Aim of the task: Find the line with "(nat \<Rightarrow> 'a::comm_ring_1) \<Rightarrow> (nat" in the entries below. Repeat it, every following line, and the line with "unfolding E_def Y_def", exactly and with nothing added.

[Opening Supplied records section]

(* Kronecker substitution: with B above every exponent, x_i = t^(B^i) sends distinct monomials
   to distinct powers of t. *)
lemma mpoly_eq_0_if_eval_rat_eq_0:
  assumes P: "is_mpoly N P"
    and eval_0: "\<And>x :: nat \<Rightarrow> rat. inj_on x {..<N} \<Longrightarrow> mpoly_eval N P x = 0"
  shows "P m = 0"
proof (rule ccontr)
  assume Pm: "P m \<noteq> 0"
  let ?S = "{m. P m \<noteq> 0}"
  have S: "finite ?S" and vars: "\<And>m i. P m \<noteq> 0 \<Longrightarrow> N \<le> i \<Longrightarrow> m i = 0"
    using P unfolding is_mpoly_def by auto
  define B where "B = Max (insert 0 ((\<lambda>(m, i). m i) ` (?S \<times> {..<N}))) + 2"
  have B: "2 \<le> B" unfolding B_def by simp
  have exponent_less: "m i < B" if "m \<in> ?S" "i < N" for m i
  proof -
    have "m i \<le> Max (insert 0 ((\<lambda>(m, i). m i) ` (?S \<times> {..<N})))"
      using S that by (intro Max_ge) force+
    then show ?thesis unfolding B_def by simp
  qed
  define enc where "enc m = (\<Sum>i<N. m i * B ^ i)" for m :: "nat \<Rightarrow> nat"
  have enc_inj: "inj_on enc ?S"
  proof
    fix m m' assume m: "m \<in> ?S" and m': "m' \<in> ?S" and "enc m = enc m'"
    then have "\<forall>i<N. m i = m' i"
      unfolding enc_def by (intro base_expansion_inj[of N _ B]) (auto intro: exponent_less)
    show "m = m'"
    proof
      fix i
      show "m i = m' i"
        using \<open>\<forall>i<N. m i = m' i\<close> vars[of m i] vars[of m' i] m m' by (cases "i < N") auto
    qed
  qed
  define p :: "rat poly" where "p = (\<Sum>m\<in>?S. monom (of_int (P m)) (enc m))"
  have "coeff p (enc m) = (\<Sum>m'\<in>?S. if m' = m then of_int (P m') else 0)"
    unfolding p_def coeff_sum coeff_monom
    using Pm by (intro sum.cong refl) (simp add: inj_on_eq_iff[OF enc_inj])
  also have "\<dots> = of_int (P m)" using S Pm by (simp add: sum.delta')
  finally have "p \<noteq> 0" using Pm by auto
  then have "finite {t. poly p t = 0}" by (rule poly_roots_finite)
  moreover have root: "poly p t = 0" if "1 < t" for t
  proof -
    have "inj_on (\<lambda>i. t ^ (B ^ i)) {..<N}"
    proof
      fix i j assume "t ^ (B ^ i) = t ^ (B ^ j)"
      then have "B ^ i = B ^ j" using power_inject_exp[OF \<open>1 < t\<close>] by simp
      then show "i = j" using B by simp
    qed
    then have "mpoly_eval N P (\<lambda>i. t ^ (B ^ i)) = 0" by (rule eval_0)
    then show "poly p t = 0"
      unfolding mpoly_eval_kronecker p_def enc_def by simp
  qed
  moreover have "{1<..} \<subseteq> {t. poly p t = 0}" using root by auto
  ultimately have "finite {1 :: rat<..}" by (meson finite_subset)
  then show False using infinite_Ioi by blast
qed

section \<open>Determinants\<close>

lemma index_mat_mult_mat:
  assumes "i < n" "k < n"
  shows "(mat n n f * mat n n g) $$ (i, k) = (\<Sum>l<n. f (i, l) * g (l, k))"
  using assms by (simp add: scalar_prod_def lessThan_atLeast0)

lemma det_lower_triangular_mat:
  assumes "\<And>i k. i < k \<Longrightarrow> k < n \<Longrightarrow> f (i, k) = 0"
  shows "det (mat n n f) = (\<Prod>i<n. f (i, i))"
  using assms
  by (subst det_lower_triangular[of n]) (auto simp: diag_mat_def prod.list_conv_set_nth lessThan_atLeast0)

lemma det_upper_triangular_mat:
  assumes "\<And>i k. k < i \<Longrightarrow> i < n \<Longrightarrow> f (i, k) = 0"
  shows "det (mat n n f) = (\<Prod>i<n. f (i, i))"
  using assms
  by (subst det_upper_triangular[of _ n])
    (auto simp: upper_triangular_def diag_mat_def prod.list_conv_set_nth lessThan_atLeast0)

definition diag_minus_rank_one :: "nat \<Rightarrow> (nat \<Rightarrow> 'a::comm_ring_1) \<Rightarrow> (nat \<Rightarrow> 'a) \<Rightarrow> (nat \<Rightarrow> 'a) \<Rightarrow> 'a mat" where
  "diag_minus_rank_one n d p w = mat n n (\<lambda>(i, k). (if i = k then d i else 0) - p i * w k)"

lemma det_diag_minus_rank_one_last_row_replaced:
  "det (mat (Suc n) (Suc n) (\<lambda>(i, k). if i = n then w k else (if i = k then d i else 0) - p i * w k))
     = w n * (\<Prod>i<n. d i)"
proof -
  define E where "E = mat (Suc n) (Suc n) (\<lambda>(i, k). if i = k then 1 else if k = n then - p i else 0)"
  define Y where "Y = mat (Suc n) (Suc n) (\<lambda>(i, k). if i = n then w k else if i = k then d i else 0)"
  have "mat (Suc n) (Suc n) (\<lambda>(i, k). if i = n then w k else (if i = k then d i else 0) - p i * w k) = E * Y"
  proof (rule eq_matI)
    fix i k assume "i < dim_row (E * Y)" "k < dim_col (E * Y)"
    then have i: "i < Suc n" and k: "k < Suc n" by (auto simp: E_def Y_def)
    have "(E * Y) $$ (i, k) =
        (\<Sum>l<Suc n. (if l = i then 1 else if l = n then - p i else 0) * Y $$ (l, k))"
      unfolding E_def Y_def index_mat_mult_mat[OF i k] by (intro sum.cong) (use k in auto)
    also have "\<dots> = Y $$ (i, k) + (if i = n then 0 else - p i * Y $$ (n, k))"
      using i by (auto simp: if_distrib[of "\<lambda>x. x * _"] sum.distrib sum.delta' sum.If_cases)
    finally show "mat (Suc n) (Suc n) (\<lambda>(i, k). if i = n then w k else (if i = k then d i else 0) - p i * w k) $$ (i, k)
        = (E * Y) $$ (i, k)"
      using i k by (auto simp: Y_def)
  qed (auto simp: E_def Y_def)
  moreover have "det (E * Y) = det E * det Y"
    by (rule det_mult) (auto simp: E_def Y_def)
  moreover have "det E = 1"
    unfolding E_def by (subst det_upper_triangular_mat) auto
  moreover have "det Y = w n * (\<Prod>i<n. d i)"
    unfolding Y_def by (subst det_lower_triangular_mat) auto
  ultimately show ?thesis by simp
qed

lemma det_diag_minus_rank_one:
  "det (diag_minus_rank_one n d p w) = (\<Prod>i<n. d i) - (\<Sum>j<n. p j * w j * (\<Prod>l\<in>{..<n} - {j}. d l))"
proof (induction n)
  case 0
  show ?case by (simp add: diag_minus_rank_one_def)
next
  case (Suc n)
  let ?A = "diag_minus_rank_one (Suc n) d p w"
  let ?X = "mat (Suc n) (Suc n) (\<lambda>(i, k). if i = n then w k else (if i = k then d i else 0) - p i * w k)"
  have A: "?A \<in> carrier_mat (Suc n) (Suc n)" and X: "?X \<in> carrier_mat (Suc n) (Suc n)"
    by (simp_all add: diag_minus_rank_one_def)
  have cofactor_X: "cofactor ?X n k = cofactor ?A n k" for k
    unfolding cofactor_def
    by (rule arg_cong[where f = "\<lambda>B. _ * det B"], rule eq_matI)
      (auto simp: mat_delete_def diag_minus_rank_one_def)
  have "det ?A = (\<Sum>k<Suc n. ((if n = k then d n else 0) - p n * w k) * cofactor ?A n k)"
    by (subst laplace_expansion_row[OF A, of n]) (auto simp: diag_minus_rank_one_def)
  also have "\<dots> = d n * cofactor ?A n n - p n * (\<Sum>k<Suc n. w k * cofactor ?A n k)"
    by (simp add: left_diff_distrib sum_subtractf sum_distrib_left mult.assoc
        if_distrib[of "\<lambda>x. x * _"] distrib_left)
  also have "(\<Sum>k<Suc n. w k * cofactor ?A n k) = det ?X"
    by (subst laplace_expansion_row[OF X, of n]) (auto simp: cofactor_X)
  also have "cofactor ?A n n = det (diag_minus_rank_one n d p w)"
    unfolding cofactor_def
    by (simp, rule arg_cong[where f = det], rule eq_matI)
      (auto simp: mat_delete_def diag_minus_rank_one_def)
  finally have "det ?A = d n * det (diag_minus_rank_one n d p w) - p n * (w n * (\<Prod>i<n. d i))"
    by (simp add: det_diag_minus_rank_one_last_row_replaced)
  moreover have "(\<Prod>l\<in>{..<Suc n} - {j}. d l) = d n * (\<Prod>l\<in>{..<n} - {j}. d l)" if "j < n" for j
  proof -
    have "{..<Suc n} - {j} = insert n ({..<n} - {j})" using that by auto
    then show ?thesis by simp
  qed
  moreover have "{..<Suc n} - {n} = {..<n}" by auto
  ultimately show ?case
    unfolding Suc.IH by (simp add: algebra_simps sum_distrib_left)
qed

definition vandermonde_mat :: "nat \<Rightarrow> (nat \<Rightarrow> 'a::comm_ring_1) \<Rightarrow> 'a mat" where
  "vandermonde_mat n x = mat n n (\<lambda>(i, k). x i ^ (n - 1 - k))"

[Closing Supplied records section]
[Opening Supplied records section]

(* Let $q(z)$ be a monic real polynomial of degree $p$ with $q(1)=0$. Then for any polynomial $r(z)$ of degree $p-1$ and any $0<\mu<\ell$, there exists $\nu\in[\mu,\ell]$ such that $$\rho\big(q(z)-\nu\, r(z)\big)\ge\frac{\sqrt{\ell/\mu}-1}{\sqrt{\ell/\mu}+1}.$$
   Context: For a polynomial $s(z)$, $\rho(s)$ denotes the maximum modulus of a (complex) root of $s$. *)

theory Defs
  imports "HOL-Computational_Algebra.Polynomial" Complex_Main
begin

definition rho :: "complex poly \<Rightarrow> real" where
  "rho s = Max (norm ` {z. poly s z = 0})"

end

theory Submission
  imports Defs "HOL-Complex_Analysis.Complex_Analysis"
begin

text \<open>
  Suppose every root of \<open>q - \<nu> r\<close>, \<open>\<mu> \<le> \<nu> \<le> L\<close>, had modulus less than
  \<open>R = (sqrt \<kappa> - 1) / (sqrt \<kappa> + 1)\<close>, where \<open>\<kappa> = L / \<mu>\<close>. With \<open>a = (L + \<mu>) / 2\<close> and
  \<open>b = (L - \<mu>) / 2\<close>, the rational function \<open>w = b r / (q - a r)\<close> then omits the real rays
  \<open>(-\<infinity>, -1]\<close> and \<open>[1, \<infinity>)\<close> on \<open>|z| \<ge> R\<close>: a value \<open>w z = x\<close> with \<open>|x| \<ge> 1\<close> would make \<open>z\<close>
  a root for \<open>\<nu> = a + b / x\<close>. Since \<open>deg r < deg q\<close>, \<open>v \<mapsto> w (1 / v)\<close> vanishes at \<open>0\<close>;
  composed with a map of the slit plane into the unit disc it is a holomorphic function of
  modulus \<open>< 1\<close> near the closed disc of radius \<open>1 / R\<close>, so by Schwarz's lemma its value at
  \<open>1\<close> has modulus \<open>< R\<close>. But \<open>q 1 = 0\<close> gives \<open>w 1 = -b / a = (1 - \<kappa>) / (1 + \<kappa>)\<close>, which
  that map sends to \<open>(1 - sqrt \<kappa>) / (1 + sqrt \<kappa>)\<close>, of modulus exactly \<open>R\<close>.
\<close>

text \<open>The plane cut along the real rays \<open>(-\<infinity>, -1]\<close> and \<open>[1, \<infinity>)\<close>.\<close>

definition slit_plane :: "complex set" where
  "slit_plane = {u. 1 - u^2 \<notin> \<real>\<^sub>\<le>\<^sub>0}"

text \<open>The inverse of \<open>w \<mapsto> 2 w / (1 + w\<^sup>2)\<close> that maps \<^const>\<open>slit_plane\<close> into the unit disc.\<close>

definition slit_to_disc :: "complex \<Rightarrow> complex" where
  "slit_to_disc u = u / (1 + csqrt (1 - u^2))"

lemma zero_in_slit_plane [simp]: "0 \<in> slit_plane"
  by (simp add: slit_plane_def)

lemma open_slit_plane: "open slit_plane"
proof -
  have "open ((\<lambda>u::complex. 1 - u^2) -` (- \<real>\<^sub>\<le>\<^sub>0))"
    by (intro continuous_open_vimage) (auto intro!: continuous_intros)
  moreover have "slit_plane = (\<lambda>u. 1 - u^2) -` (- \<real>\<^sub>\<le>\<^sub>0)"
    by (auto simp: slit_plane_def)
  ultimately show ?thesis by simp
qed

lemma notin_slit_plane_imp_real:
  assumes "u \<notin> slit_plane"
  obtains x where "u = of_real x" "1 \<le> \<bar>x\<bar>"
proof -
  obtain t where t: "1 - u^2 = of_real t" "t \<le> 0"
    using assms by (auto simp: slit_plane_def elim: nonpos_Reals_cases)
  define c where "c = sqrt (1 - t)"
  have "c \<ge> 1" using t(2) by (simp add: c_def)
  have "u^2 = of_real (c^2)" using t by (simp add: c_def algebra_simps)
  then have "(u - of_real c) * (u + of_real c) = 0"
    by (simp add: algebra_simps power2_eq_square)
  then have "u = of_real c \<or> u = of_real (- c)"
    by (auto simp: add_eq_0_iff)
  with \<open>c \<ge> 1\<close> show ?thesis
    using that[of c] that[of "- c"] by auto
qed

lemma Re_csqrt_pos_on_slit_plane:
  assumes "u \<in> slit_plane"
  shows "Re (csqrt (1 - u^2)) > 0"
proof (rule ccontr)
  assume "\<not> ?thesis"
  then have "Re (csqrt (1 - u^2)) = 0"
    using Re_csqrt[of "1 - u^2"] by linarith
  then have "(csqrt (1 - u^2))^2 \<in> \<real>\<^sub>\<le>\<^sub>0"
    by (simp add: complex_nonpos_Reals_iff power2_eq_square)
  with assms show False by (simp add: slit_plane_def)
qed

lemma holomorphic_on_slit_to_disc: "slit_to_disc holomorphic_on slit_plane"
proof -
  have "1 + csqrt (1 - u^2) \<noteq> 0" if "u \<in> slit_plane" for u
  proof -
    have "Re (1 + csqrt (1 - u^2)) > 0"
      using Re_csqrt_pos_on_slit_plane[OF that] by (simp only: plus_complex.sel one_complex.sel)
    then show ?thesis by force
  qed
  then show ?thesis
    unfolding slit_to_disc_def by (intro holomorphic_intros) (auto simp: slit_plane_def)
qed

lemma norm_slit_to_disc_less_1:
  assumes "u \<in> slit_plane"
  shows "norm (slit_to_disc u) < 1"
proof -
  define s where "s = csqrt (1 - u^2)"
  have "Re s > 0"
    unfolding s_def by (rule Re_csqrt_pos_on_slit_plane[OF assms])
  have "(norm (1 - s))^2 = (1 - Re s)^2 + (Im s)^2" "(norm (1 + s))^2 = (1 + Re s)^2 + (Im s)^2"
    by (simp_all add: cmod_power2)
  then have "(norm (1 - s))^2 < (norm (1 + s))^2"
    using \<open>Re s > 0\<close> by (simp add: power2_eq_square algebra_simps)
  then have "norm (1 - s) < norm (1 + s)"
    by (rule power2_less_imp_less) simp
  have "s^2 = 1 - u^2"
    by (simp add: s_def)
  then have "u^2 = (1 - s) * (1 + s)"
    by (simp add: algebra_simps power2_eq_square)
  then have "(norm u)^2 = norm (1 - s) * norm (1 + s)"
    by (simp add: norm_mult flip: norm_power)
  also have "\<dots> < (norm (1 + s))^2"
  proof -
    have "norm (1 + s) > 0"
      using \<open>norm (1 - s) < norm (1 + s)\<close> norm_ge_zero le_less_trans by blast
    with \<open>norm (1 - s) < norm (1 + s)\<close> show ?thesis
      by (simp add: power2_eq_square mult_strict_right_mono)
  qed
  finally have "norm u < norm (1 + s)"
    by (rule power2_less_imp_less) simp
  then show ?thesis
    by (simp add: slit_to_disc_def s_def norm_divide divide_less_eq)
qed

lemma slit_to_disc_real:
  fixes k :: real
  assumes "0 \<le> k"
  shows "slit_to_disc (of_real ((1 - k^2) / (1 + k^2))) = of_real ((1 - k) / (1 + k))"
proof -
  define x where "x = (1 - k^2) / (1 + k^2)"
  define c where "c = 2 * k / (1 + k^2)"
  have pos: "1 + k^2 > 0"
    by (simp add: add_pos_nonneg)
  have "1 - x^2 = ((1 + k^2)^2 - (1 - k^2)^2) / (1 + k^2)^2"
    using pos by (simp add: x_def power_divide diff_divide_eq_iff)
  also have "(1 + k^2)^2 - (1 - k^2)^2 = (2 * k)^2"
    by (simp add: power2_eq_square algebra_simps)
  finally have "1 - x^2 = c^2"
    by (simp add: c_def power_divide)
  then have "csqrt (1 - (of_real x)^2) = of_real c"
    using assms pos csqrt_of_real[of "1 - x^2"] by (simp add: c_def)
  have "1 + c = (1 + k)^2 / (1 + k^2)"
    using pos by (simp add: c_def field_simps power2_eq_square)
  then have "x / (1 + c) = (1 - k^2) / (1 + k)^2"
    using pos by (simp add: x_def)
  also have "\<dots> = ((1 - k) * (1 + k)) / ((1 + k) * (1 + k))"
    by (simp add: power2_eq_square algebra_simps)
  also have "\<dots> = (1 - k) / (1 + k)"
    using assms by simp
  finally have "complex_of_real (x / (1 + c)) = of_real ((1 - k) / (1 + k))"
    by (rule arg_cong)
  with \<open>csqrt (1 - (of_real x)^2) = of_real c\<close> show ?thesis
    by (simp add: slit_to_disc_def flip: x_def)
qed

[Closing Supplied records section]

Response for this exercise:
definition diag_minus_rank_one :: "nat \<Rightarrow> (nat \<Rightarrow> 'a::comm_ring_1) \<Rightarrow> (nat \<Rightarrow> 'a) \<Rightarrow> (nat \<Rightarrow> 'a) \<Rightarrow> 'a mat" where
  "diag_minus_rank_one n d p w = mat n n (\<lambda>(i, k). (if i = k then d i else 0) - p i * w k)"

lemma det_diag_minus_rank_one_last_row_replaced:
  "det (mat (Suc n) (Suc n) (\<lambda>(i, k). if i = n then w k else (if i = k then d i else 0) - p i * w k))
     = w n * (\<Prod>i<n. d i)"
proof -
  define E where "E = mat (Suc n) (Suc n) (\<lambda>(i, k). if i = k then 1 else if k = n then - p i else 0)"
  define Y where "Y = mat (Suc n) (Suc n) (\<lambda>(i, k). if i = n then w k else if i = k then d i else 0)"
  have "mat (Suc n) (Suc n) (\<lambda>(i, k). if i = n then w k else (if i = k then d i else 0) - p i * w k) = E * Y"
  proof (rule eq_matI)
    fix i k assume "i < dim_row (E * Y)" "k < dim_col (E * Y)"
    then have i: "i < Suc n" and k: "k < Suc n" by (auto simp: E_def Y_def)
    have "(E * Y) $$ (i, k) =
        (\<Sum>l<Suc n. (if l = i then 1 else if l = n then - p i else 0) * Y $$ (l, k))"
      unfolding E_def Y_def index_mat_mult_mat[OF i k] by (intro sum.cong) (use k in auto)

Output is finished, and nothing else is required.